Thursday, November 25, 2010

Guerrero: Ruth Zavaleta joins the gubernatorial campaign of PRI's Manuel Añorve Baños

In some ways it´s quite a shocker, in others not: Ruth Zavaleta, former federal deputy of the PRD, has now started appearing in campaign events for Manuel Añorve Baños in Guerrero and declared she supports his candidacy for governor. Notably, Zavaleta was the former president of the Chamber of Deputies 2007-2008, and a federal deputy for the 2006-2009 period. While she officially resigned from the PRD in 2009, it is nonetheless quite a surprise to see that Zavaleta is backing PRI, the nemesis of her old party.

Yet Zavaleta is from Guerrero, and remains close to Governor Zeferino Torreblanca, who was elected as the PRD's candidate in 2005 yet frequently clashed with the party, and who in recent months have launched vicious attacks on the PRD when he failed to impose his favored candidate to succeed him.

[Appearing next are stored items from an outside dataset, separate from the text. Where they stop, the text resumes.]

definition hard_structure :: "'r set \<Rightarrow> ('r \<Rightarrow> 'a set) \<Rightarrow> 'a set \<Rightarrow> bool" where
  "hard_structure I att H \<longleftrightarrow>
     triad_like I att H \<or> strand I att H \<or> \<not> head_join_hierarchical I att H"

end

theory Submission
  imports Defs
begin

text \<open>Suppose Q has neither a strand nor a non-hierarchical head join. Pick a head attribute A
  occurring in as many non-dominated relations as possible. By hierarchy and maximality these
  relations share no head attribute with the remaining non-dominated relations, and since there
  is no strand they share no other attribute either. Dominated relations only meet the outside
  world through their dominator, so the relations that contain A or are dominated by one that
  does form a block sharing no attribute with the rest of Q. A relation missing A (there is one,
  as A is not universal) lies below a non-dominated relation outside the block, contradicting
  connectedness.\<close>

lemma dominated_by_trans:
  assumes "dominated_by I att H j i" "dominated_by I att H i l"
  shows "dominated_by I att H j l"
proof -
  have "att l \<subseteq> att i" "att i \<subseteq> att j" "att l \<subseteq> H \<or> H \<subseteq> att l"
    using assms unfolding dominated_by_def by auto
  moreover have "att j \<inter> att k \<subseteq> att l \<inter> H" if "k \<in> I" "att l - att k \<noteq> {}" for k
  proof -
    have "att i - att k \<noteq> {}" using that(2) \<open>att l \<subseteq> att i\<close> by blast
    then have "att j \<inter> att k \<subseteq> att i \<inter> H"
      using assms(1) that(1) unfolding dominated_by_def by blast
    moreover have "att i \<inter> att k \<subseteq> att l \<inter> H"
      using assms(2) that unfolding dominated_by_def by blast
    ultimately show ?thesis by blast
  qed
  ultimately show ?thesis unfolding dominated_by_def by blast
qed

lemma ex_non_dominated_below:
  assumes wf: "wf_cq I att H" and "j \<in> I"
  shows "\<exists>i. non_dominated I att H i \<and> (i = j \<or> dominated_by I att H j i)"
  using \<open>j \<in> I\<close>
proof (induction "card (att j)" arbitrary: j rule: less_induct)
  case less
  show ?case
  proof (cases "non_dominated I att H j")
    case False
    then obtain i where i: "i \<in> I" "i \<noteq> j" "dominated_by I att H j i"
      using less.prems unfolding non_dominated_def by blast
    have "att i \<subset> att j"
      using i wf less.prems unfolding dominated_by_def wf_cq_def inj_on_def by blast
    then have "card (att i) < card (att j)"
      using wf less.prems unfolding wf_cq_def by (meson psubset_card_mono)
    then obtain l where "non_dominated I att H l" "l = i \<or> dominated_by I att H i l"
      using less.hyps i(1) by blast
    then show ?thesis using i(3) dominated_by_trans by metis
  qed blast
qed

lemma dominated_by_disjoint:
  assumes "dominated_by I att H j i" "k \<in> I" "att i \<noteq> {}" "att i \<inter> att k = {}"
  shows "att j \<inter> att k = {}"
  using assms unfolding dominated_by_def by blast

lemma ex_non_dominated_meets_head:
  assumes wf: "wf_cq I att H" and "H \<noteq> {}" and nonvac: "\<forall>i\<in>I. att i \<noteq> {}"
  shows "\<exists>i. non_dominated I att H i \<and> att i \<inter> H \<noteq> {}"
proof -
  obtain A j where j: "A \<in> H" "j \<in> I" "A \<in> att j"
    using wf \<open>H \<noteq> {}\<close> unfolding wf_cq_def attrQ_def by blast
  obtain i where i: "non_dominated I att H i" "i = j \<or> dominated_by I att H j i"
    using ex_non_dominated_below[OF wf j(2)] by blast
  have "att i \<noteq> {}" using i(1) nonvac unfolding non_dominated_def by blast
  then show ?thesis using i j unfolding dominated_by_def by blast
qed

lemma ex_most_frequent:
  assumes "finite J"
  shows "\<exists>A. \<forall>B. card {i\<in>J. B \<in> b i} \<le> card {i\<in>J. A \<in> b i}"
proof -
  have "card {i\<in>J. B \<in> b i} < Suc (card J)" for B
    using card_mono[OF assms, of "{i\<in>J. B \<in> b i}"] by auto
  then show ?thesis
    using ex_has_greatest_nat[where P = "\<lambda>_. True" and f = "\<lambda>B. card {i\<in>J. B \<in> b i}"]
    by blast
qed

lemma hierarchical_most_frequent_disjoint:
  assumes hier: "hierarchical J b" and "finite J"
    and most: "\<And>B. card {i\<in>J. B \<in> b i} \<le> card {i\<in>J. A \<in> b i}"
    and i: "i \<in> J" "A \<in> b i" and k: "k \<in> J" "A \<notin> b k"
  shows "b i \<inter> b k = {}"
proof (rule ccontr)
  assume "b i \<inter> b k \<noteq> {}"
  then obtain B where B: "B \<in> b i" "B \<in> b k" by blast
  let ?RA = "{i\<in>J. A \<in> b i}" and ?RB = "{i\<in>J. B \<in> b i}"
  have "?RA \<subseteq> ?RB \<or> ?RB \<subseteq> ?RA \<or> ?RA \<inter> ?RB = {}"
    using hier unfolding hierarchical_def Let_def by blast
  then have "?RA \<subset> ?RB" using i k B by blast
  then have "card ?RA < card ?RB" using \<open>finite J\<close> by (simp add: psubset_card_mono)
  then show False using most[of B] by simp
qed

lemma ex_separating_head_attr:
  assumes wf: "wf_cq I att H" and nonvac: "\<forall>i\<in>I. att i \<noteq> {}" and "H \<noteq> {}"
    and no_strand: "\<not> strand I att H" and hier: "head_join_hierarchical I att H"
  obtains A where "A \<in> H" "\<exists>i. non_dominated I att H i \<and> A \<in> att i"
    and "\<And>i k. non_dominated I att H i \<Longrightarrow> non_dominated I att H k \<Longrightarrow>
                A \<in> att i \<Longrightarrow> A \<notin> att k \<Longrightarrow> att i \<inter> att k = {}"
proof -
  let ?N = "{i. non_dominated I att H i}"
  let ?count = "\<lambda>B. card {i\<in>?N. B \<in> att i \<inter> H}"
  have finN: "finite ?N"
    using wf unfolding wf_cq_def non_dominated_def by (simp add: finite_subset subset_eq)
  obtain A where most: "\<And>B. ?count B \<le> ?count A"
    using ex_most_frequent[OF finN, of "\<lambda>i. att i \<inter> H"] by blast
  obtain i0 B where "non_dominated I att H i0" "B \<in> att i0 \<inter> H"
    using ex_non_dominated_meets_head[OF wf \<open>H \<noteq> {}\<close> nonvac] by blast
  then have "?count B \<noteq> 0" using finN by (simp add: card_eq_0_iff) blast
  then have "?count A \<noteq> 0" using most[of B] by linarith
  then have "{i\<in>?N. A \<in> att i \<inter> H} \<noteq> {}" by (metis card.empty)
  then obtain i where i: "non_dominated I att H i" "A \<in> att i" "A \<in> H" by blast
  have "att i \<inter> att k = {}"
    if nd: "non_dominated I att H i" "non_dominated I att H k" and A: "A \<in> att i" "A \<notin> att k"
    for i k
  proof -
    have "att i \<inter> H \<inter> (att k \<inter> H) = {}"
      using hierarchical_most_frequent_disjoint[OF hier[unfolded head_join_hierarchical_def]
          finN most] nd A i(3) by simp
    moreover have "H \<inter> att i \<noteq> H \<inter> att k" using A \<open>A \<in> H\<close> by blast
    then have "(att i \<inter> att k) - H = {}" using no_strand nd unfolding strand_def by blast
    ultimately show ?thesis by blast
  qed
  with i that show ?thesis by blast
qed

lemma dominated_closure_separated:
  assumes wf: "wf_cq I att H" and nonvac: "\<forall>i\<in>I. att i \<noteq> {}"
    and M: "\<And>i. i \<in> M \<Longrightarrow> non_dominated I att H i"
    and sep: "\<And>i k. i \<in> M \<Longrightarrow> non_dominated I att H k \<Longrightarrow> k \<notin> M \<Longrightarrow> att i \<inter> att k = {}"
    and j: "j \<in> I" "i \<in> M" "i = j \<or> dominated_by I att H j i"
    and j': "j' \<in> I" "\<forall>i\<in>M. i \<noteq> j' \<and> \<not> dominated_by I att H j' i"
  shows "att j \<inter> att j' = {}"
proof -
  obtain i' where i': "non_dominated I att H i'" "i' = j' \<or> dominated_by I att H j' i'"
    using ex_non_dominated_below[OF wf j'(1)] by blast
  have "i' \<notin> M" using i' j'(2) by blast
  have "i \<in> I" "i' \<in> I" using M j(2) i'(1) unfolding non_dominated_def by auto
  have "att i \<inter> att i' = {}" using sep[OF j(2) i'(1) \<open>i' \<notin> M\<close>] .
  then have "att j \<inter> att i' = {}"
    using j(3) dominated_by_disjoint[OF _ \<open>i' \<in> I\<close>] nonvac \<open>i \<in> I\<close> by metis
  then have "att i' \<inter> att j = {}" by blast
  then show ?thesis
    using i'(2) dominated_by_disjoint[OF _ j(1)] nonvac \<open>i' \<in> I\<close> by (metis inf_commute)
qed

lemma connected_cq_separated:
  assumes conn: "connected_cq I att" and "l \<in> L" "L \<subseteq> I" "r \<in> I"
    and sep: "\<And>j j'. j \<in> L \<Longrightarrow> j' \<in> I - L \<Longrightarrow> att j \<inter> att j' = {}"
  shows "r \<in> L"
proof -
  obtain xs where xs: "is_path I att UNIV xs" "hd xs = l" "last xs = r"
    using conn assms(2-4) unfolding connected_cq_def path_between_def by blast
  have "xs ! k \<in> L" if "k < length xs" for k
    using that
  proof (induction k)
    case 0
    then show ?case using xs(2) \<open>l \<in> L\<close> by (simp add: hd_conv_nth)
  next
    case (Suc k)
    then have "att (xs ! k) \<inter> att (xs ! Suc k) \<noteq> {}" "xs ! Suc k \<in> I"
      using xs(1) unfolding is_path_def by auto
    then show ?case using Suc sep by force
  qed
  moreover have "xs \<noteq> []" using xs(1) unfolding is_path_def by blast
  ultimately have "xs ! (length xs - 1) \<in> L" by simp
  then show ?thesis using xs(3) \<open>xs \<noteq> []\<close> by (simp add: last_conv_nth)
qed

lemma connected_cq_non_dominated_block:
  assumes wf: "wf_cq I att H" and nonvac: "\<forall>i\<in>I. att i \<noteq> {}" and conn: "connected_cq I att"
    and M: "\<And>i. i \<in> M \<Longrightarrow> non_dominated I att H i" and "M \<noteq> {}"
    and sep: "\<And>i k. i \<in> M \<Longrightarrow> non_dominated I att H k \<Longrightarrow> k \<notin> M \<Longrightarrow> att i \<inter> att k = {}"
    and r: "non_dominated I att H r"
  shows "r \<in> M"
proof -
  define L where "L = {j\<in>I. \<exists>i\<in>M. i = j \<or> dominated_by I att H j i}"
  have "M \<subseteq> L" "L \<subseteq> I" "r \<in> I"
    using M r unfolding L_def non_dominated_def by auto
  have "att j \<inter> att j' = {}" if "j \<in> L" "j' \<in> I - L" for j j'
  proof -
    obtain i where "j \<in> I" "i \<in> M" "i = j \<or> dominated_by I att H j i"
      using \<open>j \<in> L\<close> unfolding L_def by blast
    moreover have "j' \<in> I" "\<forall>i\<in>M. i \<noteq> j' \<and> \<not> dominated_by I att H j' i"
      using \<open>j' \<in> I - L\<close> unfolding L_def by auto
    ultimately show ?thesis using dominated_closure_separated[OF wf nonvac M sep] by blast
  qed
  then have "r \<in> L"
    using connected_cq_separated[OF conn _ \<open>L \<subseteq> I\<close> \<open>r \<in> I\<close>] \<open>M \<subseteq> L\<close> \<open>M \<noteq> {}\<close> by blast
  then obtain i where "i \<in> M" "i = r \<or> dominated_by I att H r i" unfolding L_def by blast
  moreover have "i \<in> I" using M \<open>i \<in> M\<close> unfolding non_dominated_def by blast
  ultimately show ?thesis using r unfolding non_dominated_def by (cases "i = r") auto
qed

theorem lemma16:
  fixes I :: "'r set" and att :: "'r \<Rightarrow> 'a set" and H :: "'a set"
  assumes "wf_cq I att H"
    and "connected_cq I att"
    and "\<not> is_boolean H"
    and "\<forall>A. \<not> universal_attr I att H A"
    and "\<forall>i\<in>I. \<not> vacuum att i"
  shows "hard_structure I att H"
proof (rule ccontr)
  assume "\<not> hard_structure I att H"
  then have no_strand: "\<not> strand I att H" and hier: "head_join_hierarchical I att H"
    unfolding hard_structure_def by auto
  have nonvac: "\<forall>i\<in>I. att i \<noteq> {}" and "H \<noteq> {}"
    using assms(3,5) unfolding vacuum_def is_boolean_def by auto
  obtain A where "A \<in> H" and block: "\<exists>i. non_dominated I att H i \<and> A \<in> att i" and
    sep: "\<And>i k. non_dominated I att H i \<Longrightarrow> non_dominated I att H k \<Longrightarrow>
                A \<in> att i \<Longrightarrow> A \<notin> att k \<Longrightarrow> att i \<inter> att k = {}"
    using ex_separating_head_attr[OF assms(1) nonvac \<open>H \<noteq> {}\<close> no_strand hier] by blast
  obtain j where "j \<in> I" "A \<notin> att j"
    using assms(4) \<open>A \<in> H\<close> unfolding universal_attr_def by blast
  then obtain r where r: "non_dominated I att H r" "A \<notin> att r"
    using ex_non_dominated_below[OF assms(1)] unfolding dominated_by_def by blast
  have "r \<in> {i. non_dominated I att H i \<and> A \<in> att i}"
  proof (rule connected_cq_non_dominated_block[OF assms(1) nonvac assms(2)])
    show "att i \<inter> att k = {}"
      if "i \<in> {i. non_dominated I att H i \<and> A \<in> att i}" "non_dominated I att H k"
        "k \<notin> {i. non_dominated I att H i \<and> A \<in> att i}" for i k
      using sep that by blast
  qed (use block r in auto)
  then show False using r(2) by blast
qed

end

She has, in essence, simply followed his path.

The case of Zavaleta is yet another sad example of the excessive opportunism within Mexican parties, of which the PRD is hardly exempt: The past months have seen the resignation of Senator Minerva Hernández Ramos from the party to join PAN, and in Baja California Sur, Marcos Covarrubias was long a front runner for the gubernatorial nomination, yet when he failed to achieve it he as well joined PAN.

Yet Zavaleta was no opportunistic newcomer to the PRD: She was one of the original party founders of the PRD, and served as borough/delegation chief in Mexico City in Venustiano Carranza before she became a federal deputy. This in contrast to e.g. Zeferino Torreblanca, who never joined the party in the first place, and whose policies as governor resembled little of the PRD's agenda. That Zavaleta would now join the candidacy of a man who is about as far removed from a leftist agenda as possible, Manuel Añorve Baños, suggests that whatever political convictions she might once have harbored, they were easily discarded on the altar of expediency and opportunism.